The standard Hashtable leaves it up to the user to provide the
hashCode function.

I remember seeing a C algorithm years ago for guaranteeing zero
collisions if you knew the keys in advance. It could construct you a
hashcode function.

You might find my essays at http://mindprod.com/jgloss/hashcode.html
http://mindprod.com/jgloss/hashtable.html
http://mindprod.com/jgloss/hashmap.html
http://mindprod.com/jgloss/primes.html


may give you useful background information.

To save time, you might just embed a table of primes, say the ones
just under the powers of two.
 
J

j1mb0jay

No. There could still be collisions. In addition, the time it would
take to calculate a hash would be significant, meaning the performance
of the algorithm would degrade.

Just to be clear, if you are trying to map something with
2,000,000,000,000 possible values to a hash table with 200 entries,
there is simply no way to avoid collisions. Sometimes the data will
simply collide.

I understand that this would be the case but I have to say that i was
told as part of the module that re-hashing the whole table into a new
table with a higher table size is the best option. This is of course
expensive in terms of CPU time. I think the java hash map does that at
0.75 (when 75% of the table is full) by default.

Yes i understand that the hash it self would also be intensive if using
SHA512 but this number is 16 times bigger than the output of a
String.hashCode() function.


Please can you give some more information of why this would not be the
case !!

Regards James.
 
T

Tom Anderson

At the moment I am setting the size of the hash table to be the next
prime number which is double the value of the expected number of items
to be added. (Using the Sieve of Atkin prime test)

If you have a good hash function, you don't need to use a prime number for
table size, any size will do.
Each item(Object) that is added has a unique String as a form of ID. I
use the String.hashCode() method on this ID and then Mod this 32bit
integer, so that I then can use this number as an index into the array
of linked lists, that represents the hash table. ( The array of linked
lists is so the hash table can handle collisions ).

I was wondering if instead of using the String.hashCode() method I used
a secure hash, like SHA512 or MD5. Then converted this 512bit / 128bit
number into base10, so that i could parse it as a String into the
constructor of java.math.BigInteger class, then Mod then number by the
size of the hash table so it could be used an index into the array.

Would this mean there would be no collisions

No. Completely avoiding collisions is impossible - if there are more
things in the input domain than in the table, some *must* map to the same
slot.

It would also be very, very slow - cryptographic hashes are engineered to
have properties which are completely unnecessary for use in general
hashing, and do so at the expense of speed.

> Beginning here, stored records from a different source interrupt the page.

(* Let $1 \le p \le \infty$ and let $f$ be analytic in the unit disc $\mathbb{D}$ with $f' \in A^p$. Then $f \in H^p$ and \[ \|f\|_{H^p} \le \|f'\|_{A^p} + |f(0)|. \]
   Context: $\mathbb{D}$ is the open unit disc and $\sigma$ is normalized area measure on $\mathbb{D}$ ($\sigma(\mathbb{D})=1$). For $1\le p<\infty$, $A^p$ is the Bergman space of analytic $f$ on $\mathbb{D}$ with $\|f\|_{A^p} = (\int_{\mathbb{D}} |f|^p\,d\sigma)^{1/p}<\infty$; $\|f\|_{A^\infty}$ denotes $\sup_{\mathbb{D}}|f|$. For $0<p<\infty$, $H^p$ is the Hardy space of analytic $f$ on $\mathbb{D}$ with $\|f\|_{H^p}=\sup_{0<r<1}\big(\frac{1}{2\pi}\int_0^{2\pi}|f(re^{i\theta})|^p\,d\theta\big)^{1/p}<\infty$, and $H^\infty$ is the space of bounded analytic functions with the sup norm. *)

theory Defs
  imports "HOL-Analysis.Analysis"
begin

definition unit_disc :: "complex set" where
  "unit_disc = ball 0 1"

definition in_bergman :: "ereal \<Rightarrow> (complex \<Rightarrow> complex) \<Rightarrow> bool" where
  "in_bergman p f \<longleftrightarrow> f holomorphic_on unit_disc \<and>
     (if p = \<infinity> then bounded (f ` unit_disc)
      else set_integrable lborel unit_disc (\<lambda>z. cmod (f z) powr real_of_ereal p))"

definition bergman_norm :: "ereal \<Rightarrow> (complex \<Rightarrow> complex) \<Rightarrow> real" where
  "bergman_norm p f =
     (if p = \<infinity> then (SUP z\<in>unit_disc. cmod (f z))
      else ((1 / pi) * (\<integral>z\<in>unit_disc. cmod (f z) powr real_of_ereal p \<partial>lborel))
             powr (1 / real_of_ereal p))"

definition integral_mean :: "real \<Rightarrow> (complex \<Rightarrow> complex) \<Rightarrow> real \<Rightarrow> real" where
  "integral_mean p f r =
     ((1 / (2 * pi)) * (LBINT t=0..2*pi. cmod (f (of_real r * cis t)) powr p)) powr (1 / p)"

definition in_hardy :: "ereal \<Rightarrow> (complex \<Rightarrow> complex) \<Rightarrow> bool" where
  "in_hardy p f \<longleftrightarrow> f holomorphic_on unit_disc \<and>
     (if p = \<infinity> then bounded (f ` unit_disc)
      else bdd_above (integral_mean (real_of_ereal p) f ` {0<..<1}))"

definition hardy_norm :: "ereal \<Rightarrow> (complex \<Rightarrow> complex) \<Rightarrow> real" where
  "hardy_norm p f =
     (if p = \<infinity> then (SUP z\<in>unit_disc. cmod (f z))
      else (SUP r\<in>{0<..<1}. integral_mean (real_of_ereal p) f r))"

end
lemma P_set_gagliardo_lower_bound:
  fixes gradV :: "'a::euclidean_space \<Rightarrow> 'a"
  defines "d \<equiv> real DIM('a)"
  assumes "AR_nonlinearity g \<alpha> \<beta>"
    and s: "0 < s1" "s1 \<le> s2" "2 * s1 < d"
    and \<alpha>: "2 + 4 * s1 / d < \<alpha>" and \<beta>: "\<beta> < 2 * d / (d - 2 * s1)"
    and \<sigma>2: "\<sigma>2 < s1"
    and V: "\<And>u. in_H s1 s2 u \<Longrightarrow>
              \<bar>\<integral>x. 1/2 * (gradV x \<bullet> x) * (u x)\<^sup>2 \<partial>lborel\<bar> \<le> \<sigma>2 * (gagliardo s1 u + gagliardo s2 u)"
    and a: "0 < a"
  shows "\<exists>\<delta>0>0. \<delta>0 \<le> 1 \<and> (\<forall>u \<in> P_set s1 s2 gradV g a. \<delta>0 \<le> gagliardo s1 u + gagliardo s2 u)"
proof -
  interpret AR_nonlinearity g \<alpha> \<beta> by fact
  define \<theta> where "\<theta> = d * (\<alpha> - 2) / (4 * s1)"
  define \<theta>' where "\<theta>' = d * (\<beta> - 2) / (4 * s1)"
  have d: "0 < d"
    unfolding d_def by simp
  have \<alpha>2: "2 < \<alpha>"
    using \<alpha> s d by (smt (verit) divide_pos_pos)
  have \<theta>: "1 < \<theta>" "\<theta> \<le> \<theta>'"
    using \<alpha> s d exponents by (simp_all add: \<theta>_def \<theta>'_def field_simps)
  obtain C where C: "0 \<le> C" and Gtil_bound: "\<And>u::'a \<Rightarrow> real. u \<in> borel_measurable lborel
           \<Longrightarrow> (\<integral>\<^sup>+ x. ennreal ((u x)\<^sup>2) \<partial>lborel) \<le> ennreal a \<Longrightarrow> gagliardo_nn s1 u < \<infinity>
           \<Longrightarrow> (\<integral>x. Gtil g (u x) \<partial>lborel) \<le> C * (gagliardo s1 u powr \<theta> + gagliardo s1 u powr \<theta>')"
    using integral_Gtil_le_gagliardo[OF s(1) s(3)[unfolded d_def] \<alpha>2 \<beta>[unfolded d_def], of a] a
    unfolding \<theta>_def \<theta>'_def d_def by auto
  define \<delta>0 where "\<delta>0 = min 1 (((s1 - \<sigma>2) / (2 * (d * C) + 1)) powr (1 / (\<theta> - 1)))"
  show ?thesis
  proof (intro exI[of _ \<delta>0] conjI ballI)
    have "0 < 2 * (d * C) + 1"
      using C d by (simp add: zero_le_mult_iff add_nonneg_pos)
    then show "0 < \<delta>0" "\<delta>0 \<le> 1"
      using \<sigma>2 by (simp_all add: \<delta>0_def)
    fix u
    assume P: "u \<in> P_set s1 s2 gradV g a"
    then have H: "in_H s1 s2 u" and L2sq: "L2sq u = a"
      by (simp_all add: P_set_def S_set_def)
    then have u[measurable]: "u \<in> borel_measurable lborel" and gfin: "gagliardo_nn s1 u < \<infinity>"
      and L2: "(\<integral>\<^sup>+ x. ennreal ((u x)\<^sup>2) \<partial>lborel) = ennreal a"
      by (auto simp: in_H_def nn_integral_square_eq_L2sq)
    have "0 < gagliardo s1 u"
    proof (rule ccontr)
      assume "\<not> 0 < gagliardo s1 u"
      then have "AE x in lborel. u x = 0"
        using AE_eq_0_of_gagliardo_eq_0[OF u L2[THEN eq_refl] s(1) gfin] gagliardo_nonneg[of s1 u] by simp
      then have "L2sq u = 0"
        unfolding L2sq_def by (subst integral_cong_AE[where g = "\<lambda>_. 0"]) auto
      then show False
        using L2sq a by simp
    qed
    then show "\<delta>0 \<le> gagliardo s1 u + gagliardo s2 u"
      unfolding \<delta>0_def
    proof (intro lower_bound_of_superlinear_bound[OF _ _ \<theta>])
      have "(s1 - \<sigma>2) * (gagliardo s1 u + gagliardo s2 u) \<le> d * (\<integral>x. Gtil g (u x) \<partial>lborel)"
        using Pohozaev_inequality[OF P s(2) V[OF H]] unfolding d_def .
      also have "\<dots> \<le> d * C * (gagliardo s1 u powr \<theta> + gagliardo s1 u powr \<theta>')"
        using Gtil_bound[OF u _ gfin] L2 d by (simp add: mult.assoc mult_left_mono)
      finally show "(s1 - \<sigma>2) * (gagliardo s1 u + gagliardo s2 u)
          \<le> d * C * (gagliardo s1 u powr \<theta> + gagliardo s1 u powr \<theta>')" .
    qed (use \<sigma>2 C d gagliardo_nonneg[of s2 u] in auto)
  qed
qed

lemma dil_parameter_lower_bound:
  fixes u :: "'a::euclidean_space \<Rightarrow> real"
  assumes s: "0 < s1" "s1 \<le> s2" and u: "u \<in> borel_measurable lborel"
    and normalized: "gagliardo s1 u + gagliardo s2 u = 1" and t: "0 < t"
    and \<delta>0: "0 < \<delta>0" "\<delta>0 \<le> 1"
    and bound: "\<delta>0 \<le> gagliardo s1 (dil t u) + gagliardo s2 (dil t u)"
  shows "\<delta>0 powr (1 / (2 * s1)) \<le> t"
proof (cases "t < 1")
  case True
  have "t powr (2 * s2) \<le> t powr (2 * s1)"
    using True t s by (intro powr_mono') auto
  then have "\<delta>0 \<le> t powr (2 * s1) * gagliardo s1 u + t powr (2 * s1) * gagliardo s2 u"
    using bound gagliardo_nonneg[of s2 u] mult_right_mono[of "t powr (2 * s2)" "t powr (2 * s1)" "gagliardo s2 u"]
    unfolding gagliardo_dil[OF u t] by linarith
  then have "\<delta>0 \<le> t powr (2 * s1)"
    using normalized by (simp add: distrib_left[symmetric])
  then have "\<delta>0 powr (1 / (2 * s1)) \<le> (t powr (2 * s1)) powr (1 / (2 * s1))"
    using \<delta>0 s by (intro powr_mono2) auto
  also have "\<dots> = t"
    using t s by (simp add: powr_powr)
  finally show ?thesis .
next
  case False
  then show ?thesis
    using \<delta>0 s powr_mono2[of "1 / (2 * s1)" \<delta>0 1] by simp
qed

String's hashCode is a pretty good one - it's a variant of the Bernstein
hash, which is fairly standard. If you want a better one, though,
implement this:

http://burtleburtle.net/bob/hash/doobs.html

There's a catalogue of other hashes at the bottom.
thus keeping the time complexity of the search method down to O(1). In
turn meaning the hash table could be an array of Key Value pairs rather
than a array of linked lists.

There are three ways to avoid collision lists. The first is to use
reprobing instead; you can look that up if you don't know what it is - i
suggesting using quadratic reprobing, as it's simple and fast. The second
is to use a cuckoo hash - again, look it up.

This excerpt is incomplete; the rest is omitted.